Exercise brief. Below are some records. Return exactly the lines from the one containing "using terms abs_le_exp_gap[of" through the one containing "(x s)) has_real_derivative", both included, and only those.

Stored dataset items

lemma norm_less_if_V3_less:
  assumes "\<epsilon> > 0"
  shows "\<exists>c>0. \<forall>\<eta>. V \<eta> < c \<longrightarrow> norm \<eta> < \<epsilon>"
proof -
  define r where "r = \<epsilon> / 5"
  define m where "m = min (exp_gap r) (exp_gap (-r))"
  define c where "c = min (th * l2) (min (th * l3) l1) * m"
  have "r > 0"
    using assms unfolding r_def by simp
  then have "m > 0"
    unfolding m_def using exp_gap_pos by simp
  then have "c > 0"
    unfolding c_def using l1_pos l2_pos l3_pos th_pos by simp
  have "norm \<eta> < \<epsilon>" if "V \<eta> < c" for \<eta>
  proof -
    have small: "exp_gap z < m" if "k * exp_gap z \<le> V \<eta>" "k > 0" "min (th * l2) (min (th * l3) l1) \<le> k" for k z
    proof -
      have "k * exp_gap z < k * m"
        using that \<open>V \<eta> < c\<close> \<open>m > 0\<close> mult_right_mono[OF that(3), of m] unfolding c_def by linarith
      with \<open>k > 0\<close> show ?thesis
        by simp
    qed
    have "\<bar>\<eta>$2\<bar> < r" "\<bar>err1 \<eta>\<bar> < r" "\<bar>err2 \<eta>\<bar> < r"
      using small[OF V3_ge_terms(1)] small[OF V3_ge_terms(2)] small[OF V3_ge_terms(3)]
        l1_pos l2_pos l3_pos th_pos abs_less_if_exp_gap_less[OF \<open>r > 0\<close>]
      unfolding m_def by simp_all
    with norm_le_err_coords[of \<eta>] show ?thesis
      unfolding r_def by linarith
  qed
  with \<open>c > 0\<close> show ?thesis
    by blast
qed

lemma norm_le_if_V3_le: "\<exists>R. \<forall>\<eta>. V \<eta> \<le> c \<longrightarrow> norm \<eta> \<le> R"
proof -
  define S where "S = c / (th * l2) + c / (th * l3) + c / l1 + 1"
  have "norm \<eta> \<le> 5 * S" if "V \<eta> \<le> c" for \<eta>
  proof -
    have "c \<ge> 0"
      using V3_nonneg[of \<eta>] that by simp
    have terms: "exp_gap (\<eta>$2) \<le> c / (th * l2)" "exp_gap (err1 \<eta>) \<le> c / (th * l3)"
      "exp_gap (err2 \<eta>) \<le> c / l1"
      using V3_ge_terms[of \<eta>] that l1_pos l2_pos l3_pos th_pos
      by (simp_all add: pos_le_divide_eq mult.commute)
    have "c / (th * l2) \<ge> 0" "c / (th * l3) \<ge> 0" "c / l1 \<ge> 0"
      using \<open>c \<ge> 0\<close> l1_pos l2_pos l3_pos th_pos by simp_all
    then have "\<bar>\<eta>$2\<bar> \<le> S" "\<bar>err1 \<eta>\<bar> \<le> S" "\<bar>err2 \<eta>\<bar> \<le> S"
      using terms abs_le_exp_gap[of "\<eta>$2"] abs_le_exp_gap[of "err1 \<eta>"] abs_le_exp_gap[of "err2 \<eta>"]
      unfolding S_def by linarith+
    with norm_le_err_coords[of \<eta>] show ?thesis
      by linarith
  qed
  then show ?thesis
    by blast
qed

lemma dissipation_ge_on_annulus:
  assumes "\<rho> > 0"
  shows "\<exists>w>0. \<forall>\<eta>. \<rho> \<le> norm \<eta> \<longrightarrow> norm \<eta> \<le> R \<longrightarrow> w \<le> dissipation \<eta>"
proof -
  define A where "A = cball 0 R - ball (0::real^3) \<rho>"
  have A_iff: "\<eta> \<in> A \<longleftrightarrow> \<rho> \<le> norm \<eta> \<and> norm \<eta> \<le> R" for \<eta>
    unfolding A_def by (simp add: not_less conj_commute)
  show ?thesis
  proof (cases "A = {}")
    case True
    then have "\<not> (\<rho> \<le> norm \<eta> \<and> norm \<eta> \<le> R)" for \<eta> :: "real^3"
      using A_iff by blast
    then show ?thesis
      by (intro exI[of _ 1]) auto
  next
    case False
    have "compact A"
      unfolding A_def by (intro compact_diff compact_cball open_ball)
    moreover have "continuous_on A dissipation"
      by (rule continuous_on_subset[OF continuous_dissipation]) simp
    ultimately obtain \<eta>0 where "\<eta>0 \<in> A" and min: "\<And>\<eta>. \<eta> \<in> A \<Longrightarrow> dissipation \<eta>0 \<le> dissipation \<eta>"
      using continuous_attains_inf[OF _ False] by blast
    have "\<eta>0 \<noteq> 0"
      using \<open>\<eta>0 \<in> A\<close> assms unfolding A_iff by auto
    with min A_iff show ?thesis
      by (intro exI[of _ "dissipation \<eta>0"]) (simp add: dissipation_pos)
  qed
qed

lemma traj_V3_decrease:
  assumes "traj x" "0 \<le> a" "a \<le> b" "\<And>s. a \<le> s \<Longrightarrow> s \<le> b \<Longrightarrow> k \<le> dissipation (x s)"
  shows "V (x b) \<le> V (x a) - k * (b - a)"
proof (rule DERIV_le_imp_decrease[OF \<open>a \<le> b\<close>])
  fix s assume "a \<le> s" "s \<le> b"
  then show "((\<lambda>s. V (x s)) has_real_derivative - dissipation (x s)) (at s within {a..b})"
    using traj_V3_has_derivative[OF assms(1), of s] \<open>0 \<le> a\<close> by (auto intro: DERIV_subset)
  show "- dissipation (x s) \<le> - k"
    using assms(4) \<open>a \<le> s\<close> \<open>s \<le> b\<close> by simp
qed

lemma traj_V3_antimono:
  assumes "traj x" "0 \<le> a" "a \<le> b"
  shows "V (x b) \<le> V (x a)"
  using traj_V3_decrease[OF assms, of 0] dissipation_nonneg by simp

lemma traj_bounded:
  assumes "traj x"
  shows "\<exists>R. \<forall>t\<ge>0. norm (x t) \<le> R"
  using norm_le_if_V3_le[of "V (x 0)"] traj_V3_antimono[OF assms order_refl] by blast

lemma V3_less_near_0:
  assumes "c > 0"
  shows "\<exists>\<delta>>0. \<forall>\<eta>. norm \<eta> < \<delta> \<longrightarrow> V \<eta> < c"
proof -
  have "isCont V 0"
    using continuous_V3 by (simp add: continuous_on_eq_continuous_at)
  moreover have "V 0 = 0"
    unfolding V3_def err1_def err2_def by simp
  ultimately show ?thesis
    using assms
    unfolding continuous_at_eps_delta dist_norm by fastforce
qed

lemma traj_stable:
  assumes "\<epsilon> > 0"
  shows "\<exists>\<delta>>0. \<forall>x. traj x \<and> norm (x 0) < \<delta> \<longrightarrow> (\<forall>t\<ge>0. norm (x t) < \<epsilon>)"
proof -
  obtain c where "c > 0" and c: "\<And>\<eta>. V \<eta> < c \<Longrightarrow> norm \<eta> < \<epsilon>"
    using norm_less_if_V3_less[OF assms] by blast
  obtain \<delta> where "\<delta> > 0" and \<delta>: "\<And>\<eta>. norm \<eta> < \<delta> \<Longrightarrow> V \<eta> < c"
    using V3_less_near_0[OF \<open>c > 0\<close>] by blast
  have "norm (x t) < \<epsilon>" if "traj x" "norm (x 0) < \<delta>" "t \<ge> 0" for x t
    using traj_V3_antimono[OF that(1) order_refl that(3)] \<delta>[OF that(2)] c by fastforce
  with \<open>\<delta> > 0\<close> show ?thesis
    by blast
qed

text \<open>Once V3(x t) drops below the level of an \<epsilon>-ball it stays there; and it must drop,
  since otherwise x stays in an annulus where V3 decreases at a uniform positive rate.\<close>
lemma traj_tendsto_0:
  assumes "traj x"
  shows "(x \<longlongrightarrow> 0) at_top"
  unfolding tendsto_iff dist_norm diff_zero
proof (intro allI impI)
  fix \<epsilon> :: real assume "\<epsilon> > 0"
  then obtain c where "c > 0" and c: "\<And>\<eta>. V \<eta> < c \<Longrightarrow> norm \<eta> < \<epsilon>"
    using norm_less_if_V3_less by blast
  obtain \<rho> where "\<rho> > 0" and \<rho>: "\<And>\<eta>. norm \<eta> < \<rho> \<Longrightarrow> V \<eta> < c"
    using V3_less_near_0[OF \<open>c > 0\<close>] by blast
  have "\<exists>T\<ge>0. V (x T) < c"
  proof (rule ccontr)
    assume "\<not> (\<exists>T\<ge>0. V (x T) < c)"
    then have far: "\<rho> \<le> norm (x s)" if "s \<ge> 0" for s
      using \<rho> that by (meson not_le)
    obtain R where R: "\<And>s. s \<ge> 0 \<Longrightarrow> norm (x s) \<le> R"
      using traj_bounded[OF assms] by blast
    obtain w where "w > 0" and w: "\<And>\<eta>. \<rho> \<le> norm \<eta> \<Longrightarrow> norm \<eta> \<le> R \<Longrightarrow> w \<le> dissipation \<eta>"
      using dissipation_ge_on_annulus[OF \<open>\<rho> > 0\<close>] by blast
    define b where "b = V (x 0) / w + 1"
    have "b \<ge> 0"
      unfolding b_def using V3_nonneg[of "x 0"] \<open>w > 0\<close> by simp
    have "V (x b) \<le> V (x 0) - w * (b - 0)"
      using traj_V3_decrease[OF assms order_refl \<open>b \<ge> 0\<close>] far R w by force
    also have "\<dots> = - w"
      unfolding b_def using \<open>w > 0\<close> by (simp add: field_simps)
    finally show False
      using V3_nonneg[of "x b"] \<open>w > 0\<close> by simp
  qed
  then obtain T where "T \<ge> 0" "V (x T) < c"
    by blast
  then have "norm (x t) < \<epsilon>" if "t \<ge> T" for t
    using traj_V3_antimono[OF assms \<open>T \<ge> 0\<close> that] c by force
  then show "\<forall>\<^sub>F t in at_top. norm (x t) < \<epsilon>"
    unfolding eventually_at_top_linorder by blast
qed

subsection \<open>Boundedness of the feedback\<close>

text \<open>The parenthesised factor of the singular term of the feedback (note c1 / l3 = 1 / l2).\<close>
definition bracket :: "real^3 \<Rightarrow> real" where
  "bracket \<eta> = p3 \<eta> * p2 \<eta> / l2 - (p2 \<eta>)\<^sup>2 / l2 + (l3 / l2 - 1) * p2 \<eta> + p3 \<eta>"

Result of the task.
      using terms abs_le_exp_gap[of "\<eta>$2"] abs_le_exp_gap[of "err1 \<eta>"] abs_le_exp_gap[of "err2 \<eta>"]
      unfolding S_def by linarith+
    with norm_le_err_coords[of \<eta>] show ?thesis
      by linarith
  qed
  then show ?thesis
    by blast
qed

lemma dissipation_ge_on_annulus:
  assumes "\<rho> > 0"
  shows "\<exists>w>0. \<forall>\<eta>. \<rho> \<le> norm \<eta> \<longrightarrow> norm \<eta> \<le> R \<longrightarrow> w \<le> dissipation \<eta>"
proof -
  define A where "A = cball 0 R - ball (0::real^3) \<rho>"
  have A_iff: "\<eta> \<in> A \<longleftrightarrow> \<rho> \<le> norm \<eta> \<and> norm \<eta> \<le> R" for \<eta>
    unfolding A_def by (simp add: not_less conj_commute)
  show ?thesis
  proof (cases "A = {}")
    case True
    then have "\<not> (\<rho> \<le> norm \<eta> \<and> norm \<eta> \<le> R)" for \<eta> :: "real^3"
      using A_iff by blast
    then show ?thesis
      by (intro exI[of _ 1]) auto
  next
    case False
    have "compact A"
      unfolding A_def by (intro compact_diff compact_cball open_ball)
    moreover have "continuous_on A dissipation"
      by (rule continuous_on_subset[OF continuous_dissipation]) simp
    ultimately obtain \<eta>0 where "\<eta>0 \<in> A" and min: "\<And>\<eta>. \<eta> \<in> A \<Longrightarrow> dissipation \<eta>0 \<le> dissipation \<eta>"
      using continuous_attains_inf[OF _ False] by blast
    have "\<eta>0 \<noteq> 0"
      using \<open>\<eta>0 \<in> A\<close> assms unfolding A_iff by auto
    with min A_iff show ?thesis
      by (intro exI[of _ "dissipation \<eta>0"]) (simp add: dissipation_pos)
  qed
qed

lemma traj_V3_decrease:
  assumes "traj x" "0 \<le> a" "a \<le> b" "\<And>s. a \<le> s \<Longrightarrow> s \<le> b \<Longrightarrow> k \<le> dissipation (x s)"
  shows "V (x b) \<le> V (x a) - k * (b - a)"
proof (rule DERIV_le_imp_decrease[OF \<open>a \<le> b\<close>])
  fix s assume "a \<le> s" "s \<le> b"
  then show "((\<lambda>s. V (x s)) has_real_derivative - dissipation (x s)) (at s within {a..b})"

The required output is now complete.